• **WHAT TO PRODUCE**:
Could you set down exactly the lines of the data below, starting at the one that holds "E \<longleftrightarrow> E" and ending at the one that holds "limsup (\<lambda>n. ereal", both included, and only those?

Collected data entries:
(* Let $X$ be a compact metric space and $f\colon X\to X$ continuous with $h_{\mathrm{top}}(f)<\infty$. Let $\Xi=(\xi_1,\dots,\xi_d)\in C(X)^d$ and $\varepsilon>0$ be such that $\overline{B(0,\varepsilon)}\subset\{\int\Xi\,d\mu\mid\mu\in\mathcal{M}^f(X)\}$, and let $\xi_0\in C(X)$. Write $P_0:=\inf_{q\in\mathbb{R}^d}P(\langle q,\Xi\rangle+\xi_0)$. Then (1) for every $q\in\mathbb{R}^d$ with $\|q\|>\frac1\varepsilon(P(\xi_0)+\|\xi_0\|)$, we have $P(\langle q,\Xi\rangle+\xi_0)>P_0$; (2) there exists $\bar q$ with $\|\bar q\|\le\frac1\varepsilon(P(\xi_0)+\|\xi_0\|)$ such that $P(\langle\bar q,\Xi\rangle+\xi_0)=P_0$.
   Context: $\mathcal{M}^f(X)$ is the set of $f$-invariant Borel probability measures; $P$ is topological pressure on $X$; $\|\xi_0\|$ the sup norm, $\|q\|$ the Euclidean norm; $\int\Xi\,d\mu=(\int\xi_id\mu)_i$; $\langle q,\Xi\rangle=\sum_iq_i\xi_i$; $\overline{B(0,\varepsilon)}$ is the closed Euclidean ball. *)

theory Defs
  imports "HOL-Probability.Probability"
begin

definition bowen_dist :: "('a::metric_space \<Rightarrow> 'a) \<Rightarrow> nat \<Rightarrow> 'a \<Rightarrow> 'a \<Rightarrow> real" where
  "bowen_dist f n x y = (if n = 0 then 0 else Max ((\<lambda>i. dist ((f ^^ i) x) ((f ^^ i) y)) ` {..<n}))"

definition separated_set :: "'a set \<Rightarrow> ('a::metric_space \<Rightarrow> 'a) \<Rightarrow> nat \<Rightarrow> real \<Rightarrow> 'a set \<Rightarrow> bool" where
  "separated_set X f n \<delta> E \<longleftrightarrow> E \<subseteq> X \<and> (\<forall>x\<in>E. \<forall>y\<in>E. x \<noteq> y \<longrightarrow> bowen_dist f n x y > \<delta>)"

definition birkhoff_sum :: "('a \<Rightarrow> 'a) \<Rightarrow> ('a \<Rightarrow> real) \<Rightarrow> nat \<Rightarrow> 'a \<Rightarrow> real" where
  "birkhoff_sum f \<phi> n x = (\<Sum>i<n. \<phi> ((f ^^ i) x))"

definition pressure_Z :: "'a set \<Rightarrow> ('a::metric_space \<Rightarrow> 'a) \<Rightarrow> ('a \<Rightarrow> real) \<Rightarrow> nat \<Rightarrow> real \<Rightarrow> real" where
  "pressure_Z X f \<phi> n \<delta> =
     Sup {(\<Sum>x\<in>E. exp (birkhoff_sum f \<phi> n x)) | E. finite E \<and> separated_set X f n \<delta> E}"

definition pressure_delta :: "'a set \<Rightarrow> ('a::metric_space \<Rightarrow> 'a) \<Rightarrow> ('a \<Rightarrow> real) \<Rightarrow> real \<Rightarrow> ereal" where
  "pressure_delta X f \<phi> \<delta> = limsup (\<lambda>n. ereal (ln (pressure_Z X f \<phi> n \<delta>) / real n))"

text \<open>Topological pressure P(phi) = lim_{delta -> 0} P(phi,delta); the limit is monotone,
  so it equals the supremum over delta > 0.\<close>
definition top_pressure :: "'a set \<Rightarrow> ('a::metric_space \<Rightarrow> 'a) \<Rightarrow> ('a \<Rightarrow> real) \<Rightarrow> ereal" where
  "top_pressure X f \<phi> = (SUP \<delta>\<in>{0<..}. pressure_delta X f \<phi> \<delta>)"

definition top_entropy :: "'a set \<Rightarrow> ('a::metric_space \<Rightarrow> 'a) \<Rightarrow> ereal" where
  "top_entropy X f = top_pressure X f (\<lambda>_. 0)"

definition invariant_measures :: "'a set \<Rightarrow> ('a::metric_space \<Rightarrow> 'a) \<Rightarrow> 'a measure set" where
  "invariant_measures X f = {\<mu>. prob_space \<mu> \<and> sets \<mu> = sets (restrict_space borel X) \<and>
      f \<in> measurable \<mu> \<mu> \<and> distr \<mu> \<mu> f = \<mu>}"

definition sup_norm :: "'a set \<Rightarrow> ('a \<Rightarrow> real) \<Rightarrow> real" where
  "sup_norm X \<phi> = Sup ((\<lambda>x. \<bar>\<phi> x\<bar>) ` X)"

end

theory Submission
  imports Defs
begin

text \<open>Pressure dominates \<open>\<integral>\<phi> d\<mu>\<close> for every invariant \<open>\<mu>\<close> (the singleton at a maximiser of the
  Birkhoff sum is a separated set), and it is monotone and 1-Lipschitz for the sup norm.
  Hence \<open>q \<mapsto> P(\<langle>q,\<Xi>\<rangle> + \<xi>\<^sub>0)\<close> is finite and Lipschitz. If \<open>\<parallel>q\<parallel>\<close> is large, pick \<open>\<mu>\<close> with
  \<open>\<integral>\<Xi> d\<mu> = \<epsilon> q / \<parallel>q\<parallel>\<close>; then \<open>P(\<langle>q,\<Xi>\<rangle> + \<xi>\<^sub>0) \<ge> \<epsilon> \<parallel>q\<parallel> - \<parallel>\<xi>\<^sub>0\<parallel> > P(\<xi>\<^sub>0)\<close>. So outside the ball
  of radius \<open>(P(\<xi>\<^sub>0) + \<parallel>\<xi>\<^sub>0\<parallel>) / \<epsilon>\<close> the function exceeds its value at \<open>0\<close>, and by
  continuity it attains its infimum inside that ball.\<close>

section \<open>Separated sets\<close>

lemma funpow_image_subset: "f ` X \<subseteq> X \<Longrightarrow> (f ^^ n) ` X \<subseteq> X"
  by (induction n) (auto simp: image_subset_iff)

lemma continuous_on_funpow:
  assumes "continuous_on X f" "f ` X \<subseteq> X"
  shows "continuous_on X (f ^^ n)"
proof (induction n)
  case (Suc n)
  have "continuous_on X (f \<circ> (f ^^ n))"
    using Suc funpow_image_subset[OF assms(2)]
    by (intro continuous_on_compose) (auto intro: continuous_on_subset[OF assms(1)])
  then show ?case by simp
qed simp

...

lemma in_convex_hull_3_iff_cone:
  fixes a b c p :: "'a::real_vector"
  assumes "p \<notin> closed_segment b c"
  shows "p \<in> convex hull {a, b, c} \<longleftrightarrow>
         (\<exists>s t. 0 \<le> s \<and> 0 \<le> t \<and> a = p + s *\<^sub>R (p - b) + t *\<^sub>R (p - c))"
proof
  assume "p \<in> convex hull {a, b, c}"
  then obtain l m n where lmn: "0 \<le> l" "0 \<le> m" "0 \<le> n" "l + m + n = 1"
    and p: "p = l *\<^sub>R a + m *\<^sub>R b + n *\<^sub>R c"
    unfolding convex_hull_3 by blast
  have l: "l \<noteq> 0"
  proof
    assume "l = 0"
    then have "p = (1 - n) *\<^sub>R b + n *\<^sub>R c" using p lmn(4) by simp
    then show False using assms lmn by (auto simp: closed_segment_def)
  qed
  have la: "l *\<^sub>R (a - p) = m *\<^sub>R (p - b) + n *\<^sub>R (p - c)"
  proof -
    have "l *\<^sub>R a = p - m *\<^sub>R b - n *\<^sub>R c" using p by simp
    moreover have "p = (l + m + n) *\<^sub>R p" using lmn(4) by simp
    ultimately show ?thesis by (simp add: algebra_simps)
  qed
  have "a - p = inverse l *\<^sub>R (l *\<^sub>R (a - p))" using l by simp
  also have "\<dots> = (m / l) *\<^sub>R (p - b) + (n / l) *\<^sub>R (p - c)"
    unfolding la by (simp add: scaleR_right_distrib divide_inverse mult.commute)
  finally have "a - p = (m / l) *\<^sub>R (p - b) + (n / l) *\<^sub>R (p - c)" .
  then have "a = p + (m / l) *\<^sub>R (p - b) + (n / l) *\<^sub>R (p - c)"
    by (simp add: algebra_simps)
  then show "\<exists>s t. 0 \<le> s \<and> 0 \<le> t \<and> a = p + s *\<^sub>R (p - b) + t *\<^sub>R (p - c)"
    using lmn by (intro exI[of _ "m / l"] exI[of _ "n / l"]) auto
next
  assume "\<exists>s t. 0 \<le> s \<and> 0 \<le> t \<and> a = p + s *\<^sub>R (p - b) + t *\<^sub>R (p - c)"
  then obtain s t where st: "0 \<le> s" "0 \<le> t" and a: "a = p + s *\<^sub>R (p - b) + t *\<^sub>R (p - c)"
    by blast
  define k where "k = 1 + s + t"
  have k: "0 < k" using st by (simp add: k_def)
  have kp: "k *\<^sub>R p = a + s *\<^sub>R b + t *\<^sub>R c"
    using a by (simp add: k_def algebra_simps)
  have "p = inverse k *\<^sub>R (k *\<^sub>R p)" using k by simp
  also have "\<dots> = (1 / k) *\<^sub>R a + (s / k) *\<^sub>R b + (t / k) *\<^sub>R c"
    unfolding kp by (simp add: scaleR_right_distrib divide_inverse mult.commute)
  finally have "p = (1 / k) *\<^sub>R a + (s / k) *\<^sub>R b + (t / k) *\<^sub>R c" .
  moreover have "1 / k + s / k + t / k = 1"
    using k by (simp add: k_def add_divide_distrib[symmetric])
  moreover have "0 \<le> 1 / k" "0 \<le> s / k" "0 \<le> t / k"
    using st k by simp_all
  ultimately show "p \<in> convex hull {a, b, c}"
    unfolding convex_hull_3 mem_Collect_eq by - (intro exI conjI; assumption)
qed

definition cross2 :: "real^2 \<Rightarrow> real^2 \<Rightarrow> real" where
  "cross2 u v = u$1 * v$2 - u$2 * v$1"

• **REPLY TO THE TASK**:
  "separated_set X f n \<delta> E \<longleftrightarrow> E \<subseteq> X \<and> (\<forall>x\<in>E. \<forall>y\<in>E. x \<noteq> y \<longrightarrow> bowen_dist f n x y > \<delta>)"

definition birkhoff_sum :: "('a \<Rightarrow> 'a) \<Rightarrow> ('a \<Rightarrow> real) \<Rightarrow> nat \<Rightarrow> 'a \<Rightarrow> real" where
  "birkhoff_sum f \<phi> n x = (\<Sum>i<n. \<phi> ((f ^^ i) x))"

definition pressure_Z :: "'a set \<Rightarrow> ('a::metric_space \<Rightarrow> 'a) \<Rightarrow> ('a \<Rightarrow> real) \<Rightarrow> nat \<Rightarrow> real \<Rightarrow> real" where
  "pressure_Z X f \<phi> n \<delta> =
     Sup {(\<Sum>x\<in>E. exp (birkhoff_sum f \<phi> n x)) | E. finite E \<and> separated_set X f n \<delta> E}"

definition pressure_delta :: "'a set \<Rightarrow> ('a::metric_space \<Rightarrow> 'a) \<Rightarrow> ('a \<Rightarrow> real) \<Rightarrow> real \<Rightarrow> ereal" where
  "pressure_delta X f \<phi> \<delta> = limsup (\<lambda>n. ereal (ln (pressure_Z X f \<phi> n \<delta>) / real n))"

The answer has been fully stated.